Records shown Start Marker

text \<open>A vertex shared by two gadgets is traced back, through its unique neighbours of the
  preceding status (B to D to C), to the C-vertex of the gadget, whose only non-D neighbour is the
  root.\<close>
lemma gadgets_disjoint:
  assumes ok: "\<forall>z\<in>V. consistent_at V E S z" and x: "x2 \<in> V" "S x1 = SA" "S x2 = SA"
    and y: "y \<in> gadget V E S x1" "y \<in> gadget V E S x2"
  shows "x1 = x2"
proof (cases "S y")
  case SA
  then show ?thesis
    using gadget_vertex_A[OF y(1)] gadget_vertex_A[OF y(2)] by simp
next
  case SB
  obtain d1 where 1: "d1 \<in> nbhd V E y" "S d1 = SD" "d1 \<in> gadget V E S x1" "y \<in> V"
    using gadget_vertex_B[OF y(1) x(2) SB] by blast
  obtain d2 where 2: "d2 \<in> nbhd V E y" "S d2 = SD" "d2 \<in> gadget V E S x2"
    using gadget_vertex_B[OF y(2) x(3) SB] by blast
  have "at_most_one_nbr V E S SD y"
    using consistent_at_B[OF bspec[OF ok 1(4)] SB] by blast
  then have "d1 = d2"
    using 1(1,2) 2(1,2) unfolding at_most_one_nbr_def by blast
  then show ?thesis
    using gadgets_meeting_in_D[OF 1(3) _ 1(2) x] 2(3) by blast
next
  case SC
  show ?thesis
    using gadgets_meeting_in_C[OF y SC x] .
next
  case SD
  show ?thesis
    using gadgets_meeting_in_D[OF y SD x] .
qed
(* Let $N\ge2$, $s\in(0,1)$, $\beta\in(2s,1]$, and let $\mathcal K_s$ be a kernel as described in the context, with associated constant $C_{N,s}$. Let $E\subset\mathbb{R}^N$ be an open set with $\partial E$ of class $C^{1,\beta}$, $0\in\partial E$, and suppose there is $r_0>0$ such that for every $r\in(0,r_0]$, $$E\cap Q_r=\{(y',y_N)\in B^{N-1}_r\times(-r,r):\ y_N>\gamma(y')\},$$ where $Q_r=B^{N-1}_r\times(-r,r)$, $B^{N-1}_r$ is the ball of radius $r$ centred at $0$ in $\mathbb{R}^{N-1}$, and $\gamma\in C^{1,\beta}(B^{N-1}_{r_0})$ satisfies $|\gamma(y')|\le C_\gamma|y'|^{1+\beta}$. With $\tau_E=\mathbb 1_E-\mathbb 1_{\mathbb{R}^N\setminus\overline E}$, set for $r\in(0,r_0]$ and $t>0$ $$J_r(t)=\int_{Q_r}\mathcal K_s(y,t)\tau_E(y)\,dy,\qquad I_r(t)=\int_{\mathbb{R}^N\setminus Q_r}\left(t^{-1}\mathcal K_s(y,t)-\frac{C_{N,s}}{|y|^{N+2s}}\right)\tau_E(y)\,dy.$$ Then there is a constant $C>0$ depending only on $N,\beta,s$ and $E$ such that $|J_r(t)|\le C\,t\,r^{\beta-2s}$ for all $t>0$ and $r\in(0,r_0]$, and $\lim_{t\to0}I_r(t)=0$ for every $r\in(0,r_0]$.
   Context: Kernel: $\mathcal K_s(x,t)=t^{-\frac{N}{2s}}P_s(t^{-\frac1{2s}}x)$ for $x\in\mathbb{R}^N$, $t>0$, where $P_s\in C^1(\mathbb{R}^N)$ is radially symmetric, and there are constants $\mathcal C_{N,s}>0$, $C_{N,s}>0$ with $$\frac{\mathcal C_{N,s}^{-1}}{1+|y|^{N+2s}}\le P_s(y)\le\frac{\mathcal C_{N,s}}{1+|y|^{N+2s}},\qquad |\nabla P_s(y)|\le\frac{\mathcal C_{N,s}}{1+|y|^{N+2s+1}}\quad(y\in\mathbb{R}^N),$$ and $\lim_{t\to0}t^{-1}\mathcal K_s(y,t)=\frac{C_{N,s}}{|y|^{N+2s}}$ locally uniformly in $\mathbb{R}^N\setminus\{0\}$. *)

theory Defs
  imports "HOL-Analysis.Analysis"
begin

Records shown End Marker
Records shown Start Marker

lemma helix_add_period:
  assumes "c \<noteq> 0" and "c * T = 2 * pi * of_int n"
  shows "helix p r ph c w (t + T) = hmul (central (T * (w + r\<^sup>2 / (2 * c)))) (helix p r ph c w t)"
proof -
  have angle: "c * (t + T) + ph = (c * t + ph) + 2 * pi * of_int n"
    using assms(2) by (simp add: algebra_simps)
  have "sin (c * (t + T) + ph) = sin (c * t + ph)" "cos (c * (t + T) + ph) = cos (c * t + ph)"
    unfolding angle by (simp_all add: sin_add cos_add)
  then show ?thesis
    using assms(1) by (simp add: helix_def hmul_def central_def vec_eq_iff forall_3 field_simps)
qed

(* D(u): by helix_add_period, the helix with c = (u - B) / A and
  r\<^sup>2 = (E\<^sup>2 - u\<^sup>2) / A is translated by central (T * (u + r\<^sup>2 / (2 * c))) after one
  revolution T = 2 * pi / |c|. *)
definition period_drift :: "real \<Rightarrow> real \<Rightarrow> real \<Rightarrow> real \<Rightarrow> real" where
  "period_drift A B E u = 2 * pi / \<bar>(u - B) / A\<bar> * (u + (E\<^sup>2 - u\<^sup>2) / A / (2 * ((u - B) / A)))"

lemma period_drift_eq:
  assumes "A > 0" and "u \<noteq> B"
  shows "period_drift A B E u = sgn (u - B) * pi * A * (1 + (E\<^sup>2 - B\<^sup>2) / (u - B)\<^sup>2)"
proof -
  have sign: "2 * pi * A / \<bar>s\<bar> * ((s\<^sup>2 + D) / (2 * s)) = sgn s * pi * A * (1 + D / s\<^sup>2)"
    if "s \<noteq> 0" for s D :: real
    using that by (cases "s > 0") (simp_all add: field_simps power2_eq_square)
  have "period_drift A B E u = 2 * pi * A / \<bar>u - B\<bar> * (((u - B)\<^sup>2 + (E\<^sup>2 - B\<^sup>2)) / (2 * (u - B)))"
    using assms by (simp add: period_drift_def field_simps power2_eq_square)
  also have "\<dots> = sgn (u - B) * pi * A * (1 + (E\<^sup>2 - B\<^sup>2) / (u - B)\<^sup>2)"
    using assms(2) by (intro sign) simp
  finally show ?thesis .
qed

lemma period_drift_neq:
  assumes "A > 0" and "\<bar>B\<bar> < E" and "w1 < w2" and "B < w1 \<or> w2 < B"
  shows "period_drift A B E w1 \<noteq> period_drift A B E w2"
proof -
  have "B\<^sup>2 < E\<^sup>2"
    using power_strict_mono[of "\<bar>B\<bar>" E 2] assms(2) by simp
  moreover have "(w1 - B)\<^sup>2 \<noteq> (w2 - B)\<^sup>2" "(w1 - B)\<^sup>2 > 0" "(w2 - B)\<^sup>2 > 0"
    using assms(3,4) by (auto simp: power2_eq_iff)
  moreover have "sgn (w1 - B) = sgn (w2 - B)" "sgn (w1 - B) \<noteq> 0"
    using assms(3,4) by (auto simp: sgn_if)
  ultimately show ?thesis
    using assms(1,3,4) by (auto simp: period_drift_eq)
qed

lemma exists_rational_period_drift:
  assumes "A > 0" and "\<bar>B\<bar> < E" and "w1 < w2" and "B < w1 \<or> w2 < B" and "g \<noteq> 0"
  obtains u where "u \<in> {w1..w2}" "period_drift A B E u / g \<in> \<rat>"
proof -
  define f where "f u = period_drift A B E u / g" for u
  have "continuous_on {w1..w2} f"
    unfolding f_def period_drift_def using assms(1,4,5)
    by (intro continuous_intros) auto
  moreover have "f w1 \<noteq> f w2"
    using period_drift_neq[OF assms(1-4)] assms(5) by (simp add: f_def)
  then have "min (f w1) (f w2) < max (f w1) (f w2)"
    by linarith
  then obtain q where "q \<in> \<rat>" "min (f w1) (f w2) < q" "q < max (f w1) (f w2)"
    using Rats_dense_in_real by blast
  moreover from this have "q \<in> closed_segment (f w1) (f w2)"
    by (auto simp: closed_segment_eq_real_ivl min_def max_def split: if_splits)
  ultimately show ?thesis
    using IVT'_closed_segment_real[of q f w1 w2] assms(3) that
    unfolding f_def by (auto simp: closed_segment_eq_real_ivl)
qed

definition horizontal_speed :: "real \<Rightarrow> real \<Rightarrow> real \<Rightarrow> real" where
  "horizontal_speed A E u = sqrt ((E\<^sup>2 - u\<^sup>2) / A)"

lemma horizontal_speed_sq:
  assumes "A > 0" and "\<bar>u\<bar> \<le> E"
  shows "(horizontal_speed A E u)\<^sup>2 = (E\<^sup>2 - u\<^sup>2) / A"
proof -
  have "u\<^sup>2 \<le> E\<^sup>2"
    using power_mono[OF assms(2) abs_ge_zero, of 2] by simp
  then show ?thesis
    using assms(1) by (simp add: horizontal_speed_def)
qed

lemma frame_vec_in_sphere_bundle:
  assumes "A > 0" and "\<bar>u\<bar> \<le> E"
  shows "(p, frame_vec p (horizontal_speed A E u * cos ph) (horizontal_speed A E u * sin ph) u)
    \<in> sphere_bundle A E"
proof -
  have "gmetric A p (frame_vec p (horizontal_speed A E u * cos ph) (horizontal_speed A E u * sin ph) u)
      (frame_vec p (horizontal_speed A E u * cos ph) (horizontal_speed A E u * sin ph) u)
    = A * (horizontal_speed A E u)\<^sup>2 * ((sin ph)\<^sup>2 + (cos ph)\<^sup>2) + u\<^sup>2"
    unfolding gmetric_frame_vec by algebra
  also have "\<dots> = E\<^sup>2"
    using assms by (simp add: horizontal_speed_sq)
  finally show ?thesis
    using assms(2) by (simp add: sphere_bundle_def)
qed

Records shown End Marker

■ About this exercise ■
Please give an exact copy of the lines above, beginning with the line containing "unfolding angle by" and running through the line containing "A / \<bar>u", and of no other lines.

■ Task response ■
    unfolding angle by (simp_all add: sin_add cos_add)
  then show ?thesis
    using assms(1) by (simp add: helix_def hmul_def central_def vec_eq_iff forall_3 field_simps)
qed

(* D(u): by helix_add_period, the helix with c = (u - B) / A and
  r\<^sup>2 = (E\<^sup>2 - u\<^sup>2) / A is translated by central (T * (u + r\<^sup>2 / (2 * c))) after one
  revolution T = 2 * pi / |c|. *)
definition period_drift :: "real \<Rightarrow> real \<Rightarrow> real \<Rightarrow> real \<Rightarrow> real" where
  "period_drift A B E u = 2 * pi / \<bar>(u - B) / A\<bar> * (u + (E\<^sup>2 - u\<^sup>2) / A / (2 * ((u - B) / A)))"

lemma period_drift_eq:
  assumes "A > 0" and "u \<noteq> B"
  shows "period_drift A B E u = sgn (u - B) * pi * A * (1 + (E\<^sup>2 - B\<^sup>2) / (u - B)\<^sup>2)"
proof -
  have sign: "2 * pi * A / \<bar>s\<bar> * ((s\<^sup>2 + D) / (2 * s)) = sgn s * pi * A * (1 + D / s\<^sup>2)"
    if "s \<noteq> 0" for s D :: real
    using that by (cases "s > 0") (simp_all add: field_simps power2_eq_square)
  have "period_drift A B E u = 2 * pi * A / \<bar>u - B\<bar> * (((u - B)\<^sup>2 + (E\<^sup>2 - B\<^sup>2)) / (2 * (u - B)))"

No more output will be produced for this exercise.